Where n is the number of divisions (generation time: 1´5 h for S. cerevisiae).

From now, it is not necessary to work below sterility conditions.

Once reached the OD600 = 1:

3- Centrifuge at 3000 rpm 5 min.

4- Wash with sterile water.

5- Resuspend in 30 ml of LISORB.

6- Shake at ambient temperature for 30 min.

7- Centrifuge at 3000 rpm 5 min and resuspend in 1 ml of LISORB. Transfer to an eppendorf tube.

8- Centrifuge at 3000 rpm 5 min.

9- Resuspend in 100 μl of LISORB for each transformation. Transfer 100 μL aliquots in different tubes for each transformation.

10- Add 7 μl of salmon sperm DNA + 1 μl of transforming DNA.

11- Incubate 10 min at ambient temperature.

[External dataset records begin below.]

(* Let $S$ be a stable subset of a stable $L^0$-module equipped with a stable topology $\mathscr T$. The following are equivalent: (i) $S$ is stable compact; (ii) every stable ultrafilter on $S$ has a cluster point in $S$; (iii) for every stable collection $\mathscr O$ of stable open sets with $S=\bigcup\mathscr O$ there is a stable finite subcollection $\tilde{\mathscr O}\subset\mathscr O$ with $S=\bigcup\tilde{\mathscr O}$; (iv) every stable collection $\mathscr C$ of stable closed subsets of $S$ such that $\bigcap\tilde{\mathscr C}\neq\emptyset$ for every stable finite subcollection $\tilde{\mathscr C}\subset\mathscr C$ satisfies $\bigcap\mathscr C\neq\emptyset$.
   Context: $L^0$ is the ring of real measurable functions on a probability space $(\Omega,\mathcal F,\mathbb P)$ modulo a.e. equality. An $L^0$-module $E$ is stable if for every countable measurable partition $(A_k)$ of $\Omega$ and $(x_k)\subset E$ there is a unique $x=\sum_k1_{A_k}x_k$ with $1_{A_k}x=1_{A_k}x_k$ for all $k$. A nonempty $S\subset E$ is stable if it contains all such concatenations of its elements. For stable sets $Y_k$, $\sum_k1_{A_k}Y_k:=\{\sum_k1_{A_k}y_k:y_k\in Y_k\}$; a nonempty collection of stable sets is stable if it is closed under this operation. For a nonempty collection $\mathscr X$ of stable sets, $\mathrm{st}(\mathscr X)=\{\sum_j1_{B_j}U_j:U_j\in\mathscr X,(B_j)\text{ countable measurable partition}\}$; a subcollection $\tilde{\mathscr O}$ of a stable collection $\mathscr O$ is stable finite if $\tilde{\mathscr O}=\{\sum_k1_{A_k}V_k:V_k\in\mathrm{st}(\mathscr O_k)\}$ for a countable measurable partition $(A_k)$ and finite nonempty $\mathscr O_k\subset\mathscr O$. A topology on $S$ is stable if it has a base which is a stable collection of stable sets. A filter on $S$ is stable if it has a filter base which is a stable collection of stable sets; a stable ultrafilter is a maximal stable filter. $S$ is stable compact if every stable filter on $S$ has a cluster point in $S$. *)

theory Defs
  imports "HOL-Probability.Probability"
begin

text \<open>Elements of L0 are represented by real-valued measurable functions on the
probability space M; scalar multiplication must respect a.e. equality, so that it
descends to the quotient ring L0.\<close>

definition L0 :: "'w measure \<Rightarrow> ('w \<Rightarrow> real) set" where
  "L0 M = borel_measurable M"

definition L0_module ::
  "'w measure \<Rightarrow> 'e set \<Rightarrow> 'e \<Rightarrow> ('e \<Rightarrow> 'e \<Rightarrow> 'e) \<Rightarrow> (('w \<Rightarrow> real) \<Rightarrow> 'e \<Rightarrow> 'e) \<Rightarrow> bool" where
  "L0_module M E zero add smul \<longleftrightarrow>
     zero \<in> E \<and> (\<forall>x\<in>E. \<forall>y\<in>E. add x y \<in> E) \<and> (\<forall>f\<in>L0 M. \<forall>x\<in>E. smul f x \<in> E) \<and>
     (\<forall>x\<in>E. \<forall>y\<in>E. \<forall>z\<in>E. add (add x y) z = add x (add y z)) \<and>
     (\<forall>x\<in>E. \<forall>y\<in>E. add x y = add y x) \<and>
     (\<forall>x\<in>E. add zero x = x) \<and>
     (\<forall>x\<in>E. \<exists>y\<in>E. add x y = zero) \<and>
     (\<forall>f\<in>L0 M. \<forall>x\<in>E. \<forall>y\<in>E. smul f (add x y) = add (smul f x) (smul f y)) \<and>
     (\<forall>f\<in>L0 M. \<forall>g\<in>L0 M. \<forall>x\<in>E. smul (\<lambda>w. f w + g w) x = add (smul f x) (smul g x)) \<and>
     (\<forall>f\<in>L0 M. \<forall>g\<in>L0 M. \<forall>x\<in>E. smul (\<lambda>w. f w * g w) x = smul f (smul g x)) \<and>
     (\<forall>x\<in>E. smul (\<lambda>w. 1) x = x) \<and>
     (\<forall>f\<in>L0 M. \<forall>g\<in>L0 M. \<forall>x\<in>E. (AE w in M. f w = g w) \<longrightarrow> smul f x = smul g x)"
lemma E8_free_pairing_set:
  assumes "x \<in> Lam" "E8_free x" "\<forall>i. x i \<in> {-1, 0, 1}" "lam_bil x x \<noteq> 0"
  shows "{lam_bil x z | z. z \<in> Lam} = {2 * of_int k | k::int. True}"
proof (intro equalityI subsetI)
  fix w
  assume "w \<in> {lam_bil x z | z. z \<in> Lam}"
  then show "w \<in> {2 * of_int k | k::int. True}"
    using lam_bil_E8_free_even[OF assms(1,2)] by auto
next
  fix w :: rat
  assume "w \<in> {2 * of_int k | k::int. True}"
  then obtain k :: int where w: "w = 2 * of_int k"
    by blast
  obtain z where "z \<in> Lam" "lam_bil x z = 2"
    using E8_free_pairing_two[OF assms] .
  then have "(\<lambda>i. of_int k * z i) \<in> Lam" "lam_bil x (\<lambda>i. of_int k * z i) = w"
    by (auto simp: Lam_def lam_bil_scale_right w)
  then show "w \<in> {lam_bil x z | z. z \<in> Lam}"
    by blast
qed

lemma lam_bil_half_shift_mod_2:
  assumes "v \<in> Lam" "E8_free v" "(\<lambda>i. y i - v i / 2) \<in> Lam"
  shows "\<exists>m::int. lam_bil y y = lam_bil v v / 4 + 2 * of_int m"
proof -
  define l where "l = (\<lambda>i. y i - v i / 2)"
  have y: "y = (\<lambda>i. (1/2) * v i + l i)"
    by (simp add: l_def)
  have "lam_bil y y = lam_bil v v / 4 + (lam_bil v l + lam_bil l l)"
    unfolding y lam_bil_add_left lam_bil_add_right lam_bil_scale_left lam_bil_scale_right
    by (simp add: lam_bil_commute[of l v])
  moreover obtain m1 m2 :: int where "lam_bil v l = 2 * of_int m1" "lam_bil l l = 2 * of_int m2"
    using lam_bil_E8_free_even[OF assms(1,2)] lam_bil_self_even assms(3) unfolding l_def by blast
  ultimately have "lam_bil y y = lam_bil v v / 4 + 2 * of_int (m1 + m2)"
    by simp
  then show ?thesis ..
qed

12- Add 260 μl of 40%PEG/LiAc/TE. Mix well.

13- Incubate 1 h at 30°C.

14- Add 43 μl of DMSO and give a thermal shock of 5 minutes at 42°C.

15- Centrifuge at 3000 rpm 5 min.

16- Wash with 1 ml of sterile water.

17- Centrifuge at 3000 rpm 5 min.

18- Resuspend in 0´5 ml of water and plaque:

-50 μl

-Rest (centrifuge and decant leaving 50-100 μl).